Comments, Economy, In Focus

How much longer for the Crisis?

August has passed and with it the five-year mark of the economic crisis and financial storm that erupted in the same month of 2007. It is a crisis with worldwide repercussions that split the foundations of the capitalist system and whose consequences are still wrapped in indefinite uncertainty.

Cira Rodríguez César


What began with the crash of the real-estate bubble in the United States caused a domino effect for the world economy that was the start of a complex situation whose end is still uncertain.

According to an old saying, to remember is to return to living, well, in August 2007 there was an outbreak of economic, financial and real-estate disasters in the most developed nations, which formed the start of a chain of on-going events.

Everything developed very quickly into the perfect storm, which made the structures of the American and European financial systems shake.

Since its beginning, renowned economists have rated the current crisis as the worst since the event last century in the 1930s. This is a global recession marked by an extremely high degree of productivity on the world financial market, in which the so-called ‘big bubbles’ occur, above the level of the real-world gross domestic product.
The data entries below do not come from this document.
(* Let $R$ be a (unital, not necessarily associative) ring and let $\sigma\colon R\to R$ be an additive bijection with $\sigma(1)=1$. If $R$ is left Noetherian, then the non-associative skew Laurent polynomial ring $R[X^{\pm};\sigma]$ is left Noetherian. Likewise, if $R$ is right Noetherian, then $R[X^{\pm};\sigma]$ is right Noetherian.
   Context: All rings are unital but not necessarily associative. A left (right) ideal of a non-associative ring $S$ is an additive subgroup $I$ with $sI\subseteq I$ ($Is\subseteq I$) for all $s\in S$. $S$ is left (right) Noetherian if it satisfies the ascending chain condition on left (right) ideals. For a non-associative ring $R$ and an additive bijection $\sigma\colon R\to R$ with $\sigma(1)=1$, the non-associative skew Laurent polynomial ring $R[X^{\pm};\sigma]$ is the additive group of formal sums $\sum_{i\in\mathbb{Z}} r_iX^i$ with $r_i\in R$, all but finitely many zero, with pointwise addition and multiplication given by the biadditive extension of $(rX^m)(sX^n)=(r\sigma^m(s))X^{m+n}$ for $r,s\in R$, $m,n\in\mathbb{Z}$ (here $\sigma^m$ for $m<0$ denotes a power of $\sigma^{-1}$). *)

theory Defs
  imports "HOL-Library.Function_Algebras"
begin

definition nonassoc_ring :: "'a::ab_group_add set \<Rightarrow> ('a \<Rightarrow> 'a \<Rightarrow> 'a) \<Rightarrow> 'a \<Rightarrow> bool" where
  "nonassoc_ring S mul e \<longleftrightarrow>
     0 \<in> S \<and> e \<in> S \<and>
     (\<forall>x\<in>S. \<forall>y\<in>S. x + y \<in> S \<and> - x \<in> S \<and> mul x y \<in> S) \<and>
     (\<forall>x\<in>S. \<forall>y\<in>S. \<forall>z\<in>S. mul (x + y) z = mul x z + mul y z \<and> mul x (y + z) = mul x y + mul x z) \<and>
     (\<forall>x\<in>S. mul e x = x \<and> mul x e = x)"

definition additive_subgroup :: "'a::ab_group_add set \<Rightarrow> bool" where
  "additive_subgroup I \<longleftrightarrow> 0 \<in> I \<and> (\<forall>x\<in>I. \<forall>y\<in>I. x + y \<in> I \<and> - x \<in> I)"

definition left_ideal :: "'a::ab_group_add set \<Rightarrow> ('a \<Rightarrow> 'a \<Rightarrow> 'a) \<Rightarrow> 'a set \<Rightarrow> bool" where
  "left_ideal S mul I \<longleftrightarrow> I \<subseteq> S \<and> additive_subgroup I \<and> (\<forall>s\<in>S. \<forall>x\<in>I. mul s x \<in> I)"

definition right_ideal :: "'a::ab_group_add set \<Rightarrow> ('a \<Rightarrow> 'a \<Rightarrow> 'a) \<Rightarrow> 'a set \<Rightarrow> bool" where
  "right_ideal S mul I \<longleftrightarrow> I \<subseteq> S \<and> additive_subgroup I \<and> (\<forall>s\<in>S. \<forall>x\<in>I. mul x s \<in> I)"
Information about mass redundancies, business closures, an increase in poverty, bank collapses and elevated financial debts have crossed the globe. But it is now five years later and the same news is being repeated on a daily basis.
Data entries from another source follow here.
(* For $l\in\mathbb N$, $a>0$ and $b>0$, $$\sum_{k=0}^{l-1}\binom{k+l}{l}\frac{a^kb^l+a^lb^k}{(a+b)^{k+l}(k+l)}=\frac1l.$$ *)

theory Defs
  imports Complex_Main
begin

end

theory Submission
  imports Defs
begin

(* Write l = m + 1 and clear denominators. Absorption turns binom(k+l, l)/(k+l) into
   binom(m+k, k)/l, so the claim becomes the polynomial identity
     (a+b)^(2m+1) = sum_{k<=m} binom(m+k, k) (a^k b^(m+1) + a^(m+1) b^k) (a+b)^(m-k).
   The partial sum identity
     sum_{k<=m} binom(m+k, k) x^k (x+y)^(m-k) = sum_{k<=m} binom(2m+1, k) x^k y^(m-k)
   identifies the two halves of the right-hand side with the lower and the upper half of the
   binomial expansion of (a+b)^(2m+1). *)

lemma choose_partial_sum_poly:
  fixes x y :: "'a::field_char_0"
  shows "(\<Sum>k\<le>m. of_nat ((m + k) choose k) * x ^ k * (x + y) ^ (m - k))
       = (\<Sum>k\<le>m. of_nat ((2 * m + 1) choose k) * x ^ k * y ^ (m - k))"
proof -
  have "(of_nat m + (of_nat m + 1) gchoose k :: 'a) = of_nat ((2 * m + 1) choose k)" for k
    using binomial_gbinomial[of "2 * m + 1" k, where 'a='a] by (simp add: add_ac)
  moreover have "(of_nat k + (of_nat m + 1) - 1 gchoose k :: 'a) = of_nat ((m + k) choose k)" for k
    using binomial_gbinomial[of "m + k" k, where 'a='a] by (simp add: add.commute)
  ultimately show ?thesis
    using gbinomial_partial_sum_poly_xpos[of m "of_nat m + 1" x y] by simp
qed

lemma binomial_ring_odd_halves:
  fixes a b :: "'a::comm_semiring_1"
  shows "(a + b) ^ (2 * m + 1)
       = (\<Sum>k\<le>m. of_nat ((2 * m + 1) choose k) * a ^ k * b ^ (2 * m + 1 - k))
       + (\<Sum>k\<le>m. of_nat ((2 * m + 1) choose k) * b ^ k * a ^ (2 * m + 1 - k))"
proof -
  let ?n = "2 * m + 1"
  let ?t = "\<lambda>k. of_nat (?n choose k) * a ^ k * b ^ (?n - k)"
  have upper_half: "(\<Sum>k\<le>m. of_nat (?n choose k) * b ^ k * a ^ (?n - k))
      = (\<Sum>k = Suc m..m + (m + 1). ?t k)"
  proof (rule sum.reindex_bij_witness[where i="\<lambda>k. ?n - k" and j="\<lambda>k. ?n - k"])
    fix k assume "k \<in> {..m}"
    then have "k \<le> ?n" by simp
    then have "?n choose (?n - k) = ?n choose k" and "?n - (?n - k) = k"
      by (simp_all flip: binomial_symmetric)
    then show "?t (?n - k) = of_nat (?n choose k) * b ^ k * a ^ (?n - k)"
      by (simp add: mult_ac)
  qed auto
  have "(a + b) ^ ?n = (\<Sum>k\<le>m + (m + 1). ?t k)"
    using binomial_ring[of a b ?n] by (simp only: mult_2 add.assoc)
  also have "\<dots> = (\<Sum>k\<le>m. ?t k) + (\<Sum>k = Suc m..m + (m + 1). ?t k)"
    by (rule sum_up_index_split)
  finally show ?thesis
    by (simp only: upper_half [symmetric])
qed

lemma power_odd_eq_sum_choose:
  fixes a b :: "'a::field_char_0"
  shows "(a + b) ^ (2 * m + 1)
       = (\<Sum>k\<le>m. of_nat ((m + k) choose k) * (a ^ k * b ^ (m + 1) + a ^ (m + 1) * b ^ k)
                    * (a + b) ^ (m - k))"
proof -
  have half: "(\<Sum>k\<le>m. of_nat ((m + k) choose k) * x ^ k * y ^ (m + 1) * (x + y) ^ (m - k))
      = (\<Sum>k\<le>m. of_nat ((2 * m + 1) choose k) * x ^ k * y ^ (2 * m + 1 - k))" for x y :: 'a
  proof -
    have "y ^ (2 * m + 1 - k) = y ^ (m + 1) * y ^ (m - k)" if "k \<le> m" for k
    proof -
      from that have "2 * m + 1 - k = (m + 1) + (m - k)" by simp
      then show ?thesis by (simp only: power_add)
    qed
    then have "(\<Sum>k\<le>m. of_nat ((2 * m + 1) choose k) * x ^ k * y ^ (2 * m + 1 - k))
        = y ^ (m + 1) * (\<Sum>k\<le>m. of_nat ((2 * m + 1) choose k) * x ^ k * y ^ (m - k))"
      by (simp add: sum_distrib_left mult_ac)
    also have "\<dots> = y ^ (m + 1) * (\<Sum>k\<le>m. of_nat ((m + k) choose k) * x ^ k * (x + y) ^ (m - k))"
      by (simp only: choose_partial_sum_poly)
    finally show ?thesis
      by (simp add: sum_distrib_left mult_ac)
  qed
  have "(a + b) ^ (2 * m + 1)
      = (\<Sum>k\<le>m. of_nat ((m + k) choose k) * a ^ k * b ^ (m + 1) * (a + b) ^ (m - k))
      + (\<Sum>k\<le>m. of_nat ((m + k) choose k) * b ^ k * a ^ (m + 1) * (b + a) ^ (m - k))"
    by (simp only: binomial_ring_odd_halves half)
  then show ?thesis
    by (simp add: add.commute[of b a] sum.distrib [symmetric] algebra_simps)
qed

lemma choose_absorption_shift:
  "Suc m * ((k + Suc m) choose Suc m) = (k + Suc m) * ((m + k) choose k)"
proof -
  have "(m + k) choose m = (m + k) choose k"
    using binomial_symmetric[of k "m + k"] by simp
  with Suc_times_binomial[of m "m + k"] show ?thesis
    by (simp add: add.commute)
qed

lemma choose_over_power_common_denominator:
  fixes s z :: "'a::field_char_0"
  assumes "s \<noteq> 0" and "k \<le> m"
  shows "of_nat ((k + Suc m) choose Suc m) * z / (s ^ (k + Suc m) * of_nat (k + Suc m))
       = of_nat ((m + k) choose k) * z * s ^ (m - k) / (s ^ (2 * m + 1) * of_nat (Suc m))"
proof -
  have "2 * m + 1 = (k + Suc m) + (m - k)"
    using assms(2) by simp
  then have "s ^ (2 * m + 1) = s ^ (k + Suc m) * s ^ (m - k)"
    by (simp only: power_add)
  moreover have "of_nat (Suc m) * of_nat ((k + Suc m) choose Suc m)
      = (of_nat (k + Suc m) * of_nat ((m + k) choose k) :: 'a)"
    by (metis choose_absorption_shift of_nat_mult)
  ultimately show ?thesis
    using assms(1) by (simp add: field_simps del: of_nat_Suc of_nat_add)
qed

theorem lemma2p2:
  fixes l :: nat and a b :: real
  assumes "l \<ge> 1" and "a > 0" and "b > 0"
  shows "(\<Sum>k=0..<l. real ((k + l) choose l) *
            (a ^ k * b ^ l + a ^ l * b ^ k) / ((a + b) ^ (k + l) * real (k + l))) = 1 / real l"
proof -
  obtain m where l: "l = Suc m"
    using assms(1) by (cases l) auto
  have ab: "a + b \<noteq> 0"
    using assms by simp
  have "(\<Sum>k=0..<l. real ((k + l) choose l) *
            (a ^ k * b ^ l + a ^ l * b ^ k) / ((a + b) ^ (k + l) * real (k + l)))
      = (\<Sum>k\<le>m. real ((m + k) choose k) * (a ^ k * b ^ l + a ^ l * b ^ k)
                    * (a + b) ^ (m - k)) / ((a + b) ^ (2 * m + 1) * real l)"
    unfolding sum_divide_distrib l
    by (intro sum.cong choose_over_power_common_denominator ab) (auto simp: atLeast0LessThan)
  also have "\<dots> = (a + b) ^ (2 * m + 1) / ((a + b) ^ (2 * m + 1) * real l)"
    using l by (simp only: Suc_eq_plus1 flip: power_odd_eq_sum_choose)
  also have "\<dots> = 1 / real l"
    using ab by simp
  finally show ?thesis .
qed

end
What for many was a financial or real-estate crisis, for others was a full-scale global economic crisis in which no-one can escape or will be able to escape, because it concerns a conflict that compromises international finances and the real economy.

That is why those who were unable to forecast the crisis and intercept it, let alone suggest ideas towards a solution – The International Monetary Fund and The World Bank – are still looking for the slightest lead to fight it and seek salvation.

It was with the collapse of Lehman Brothers, in September 2008, that the intensification of the current crisis began. The fall of the financial giant not only almost fatally wounded the model of investment banking as a specific and individual business, but brought about the closure of the financial markets.

This factor, to a greater or lesser extent, has been a feature throughout the whole of the last five-year period and has provoked a ferocious level of distrust among the financial institutions that is still prevalent today.

Five years later the United States still has not found the path to recovery. Germany has forced itself to the head of the Eurozone to avoid the collapse and to avoid the loss of the single currency. The rest of the European Union wants to escape a domino effect should the Euro disappear, and Japan is seeing a fall in industry production and with it a decline in exports.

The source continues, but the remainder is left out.